For each site, you can further explore model performance for each label, by selecting a Benthic Group in the drop down menu. Note that this information will not display if you haven't completed Label Set Mapping, a step which defines for ReefCloud which Benthic Group each of your labels belong to.

The Cover plot displays the estimated mean percentage cover of each label within a given benthic category across the site selected (between 0% and 100% cover), based on annotations across all images within that site. Error bars provide 95% confidence intervals around each estimate. Overlapping error bars suggest human (blue) and model (orange) estimates are in agreement over the mean percentage cover of a given label at that site.

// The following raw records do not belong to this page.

section \<open>Rotating excursions\<close>

lemma excursionE:
  assumes "excursion j w"
  obtains n where "length w = Suc n" "1 \<le> n" "w!0 = j" "w!n = j" "\<forall>k. 1 \<le> k \<longrightarrow> k < n \<longrightarrow> w!k \<noteq> j"
  using assms unfolding excursion_def by (auto elim: first_passage_pathE)

definition first_visit :: "'s \<Rightarrow> 's list \<Rightarrow> nat" where
  "first_visit i w = (LEAST k. k < length w \<and> w!k = i)"

lemma first_visit_correct:
  assumes "i \<in> set w"
  shows "first_visit i w < length w" "w ! first_visit i w = i" "\<And>k. k < first_visit i w \<Longrightarrow> w!k \<noteq> i"
proof -
  have ex: "\<exists>k. k < length w \<and> w!k = i" using assms by (auto simp: in_set_conv_nth)
  show "first_visit i w < length w" "w ! first_visit i w = i"
    using LeastI_ex[OF ex] unfolding first_visit_def by auto
  show "w!k \<noteq> i" if "k < first_visit i w" for k
    using not_less_Least[of k "\<lambda>k. k < length w \<and> w!k = i"] that \<open>first_visit i w < length w\<close>
    unfolding first_visit_def by auto
qed

lemma first_visit_excursion:
  assumes "excursion j w" "i \<in> set w" "i \<noteq> j"
  shows "1 \<le> first_visit i w" "first_visit i w < length w - 1"
proof -
  obtain n where "length w = Suc n" "w!0 = j" "w!n = j"
    using assms(1) by (rule excursionE)
  moreover note first_visit_correct[OF assms(2)]
  ultimately show "1 \<le> first_visit i w" "first_visit i w < length w - 1"
    using assms(3) by (metis One_nat_def Suc_leI diff_Suc_1 less_Suc_eq neq0_conv)+
qed

text \<open>An excursion \<open>j \<dots> i \<dots> j\<close> from \<open>j\<close> that visits \<open>i\<close>, read cyclically from its first visit to \<open>i\<close>:
  the result runs from \<open>i\<close> to \<open>j\<close> and then back to \<open>i\<close>, i.e.\ it is a path up to \<open>\<tau>\<^sub>\<upsilon>(i)\<close>.\<close>

definition rotate_to :: "'s \<Rightarrow> 's list \<Rightarrow> 's list" where
  "rotate_to i w = drop (first_visit i w) w @ tl (take (Suc (first_visit i w)) w)"

lemma length_rotate_to: "i \<in> set w \<Longrightarrow> length (rotate_to i w) = length w"
  using first_visit_correct(1)[of i w] by (simp add: rotate_to_def)

lemma nth_rotate_to:
  assumes "length w = Suc n" "first_visit i w = a" "a < n" "t \<le> n"
  shows "rotate_to i w ! t = (if t \<le> n - a then w!(t+a) else w!(t-(n-a)))"
  using assms by (cases "t \<le> n - a")
    (auto simp: rotate_to_def nth_append nth_tl intro!: arg_cong[where f="(!) w"])

lemma rotate_to_first_hit:
  assumes "excursion j w" "i \<in> set w" "i \<noteq> j" "length w = Suc n"
  shows "rotate_to i w ! (n - first_visit i w) = j"
    and "\<And>t::nat. 1 \<le> t \<Longrightarrow> t < n - first_visit i w \<Longrightarrow> rotate_to i w ! t \<noteq> j"
proof -
  obtain n' where w: "length w = Suc n'" "1 \<le> n'" "w!0 = j" "w!n' = j"
    "\<forall>k. 1 \<le> k \<longrightarrow> k < n' \<longrightarrow> w!k \<noteq> j"
    using assms(1) by (rule excursionE)
  have "n' = n" using w(1) assms(4) by simp
  note a = first_visit_excursion[OF assms(1-3)]
  note rot = nth_rotate_to[OF assms(4) refl, of i]
  show "rotate_to i w ! (n - first_visit i w) = j"
    using rot[of "n - first_visit i w"] a w \<open>n' = n\<close> by auto
  show "rotate_to i w ! t \<noteq> j" if "1 \<le> t" "t < n - first_visit i w" for t :: nat
    using rot[of t] w(5)[rule_format, of "t + first_visit i w"] a w(1) \<open>n' = n\<close> that by auto
qed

The Error plot highlights the absolute difference in estimated cover by the machine compared to the human. This may help to identify labels which have been inconsistently annotated by the human (possible in teams where a number of annotators are contributing to training the model), or labels which the model may require more training on. If blue bars are very large in this plot, we suggest returning to the Classify Images page and using the Quality Control (QC) feature to review training for specific labels.

Using the QC feature, the user can filter the points by human classification of either group code or a specific label, and focus on reviewing the annotations provided to train the model for that label. For example, if the "Pocillopora" label is showing a large blue error value, use the QC feature drop down menu or "Filters" options in the Classify Images page to search for all instances of "Pocillopora" annotated by human or machine. Here, a user within a project can check and correct annotations or confirm any machine classifications of "Pocillopora" that haven't been assessed yet.

Remember to annotate all Human Annotatable Points within a given image when moving through your annotations, either in standard classify images mode or QC mode.

Model Validation

Model Validation provides an estimate of two scores: an average source Accuracy and an F1 score. These are two metrics are typically used to assess the quality of classification models. Hover over the points on the graph to view the values for each score. As a rule, the higher the Accuracy and F1 score values, the better a model is at estimating classifications; however this is only valid given the model has received adequate training evenly spread across the dataset.

Accuracy is the percentage of all correctly classified observations: it reflects the amount of agreement between the human and machine across all annotated points in your project. For example, an Accuracy of 0.72 shows that in 72% of annotated points the machine has generated the same label that the Human has assigned. Accuracy is a good metric for when the classes are balanced.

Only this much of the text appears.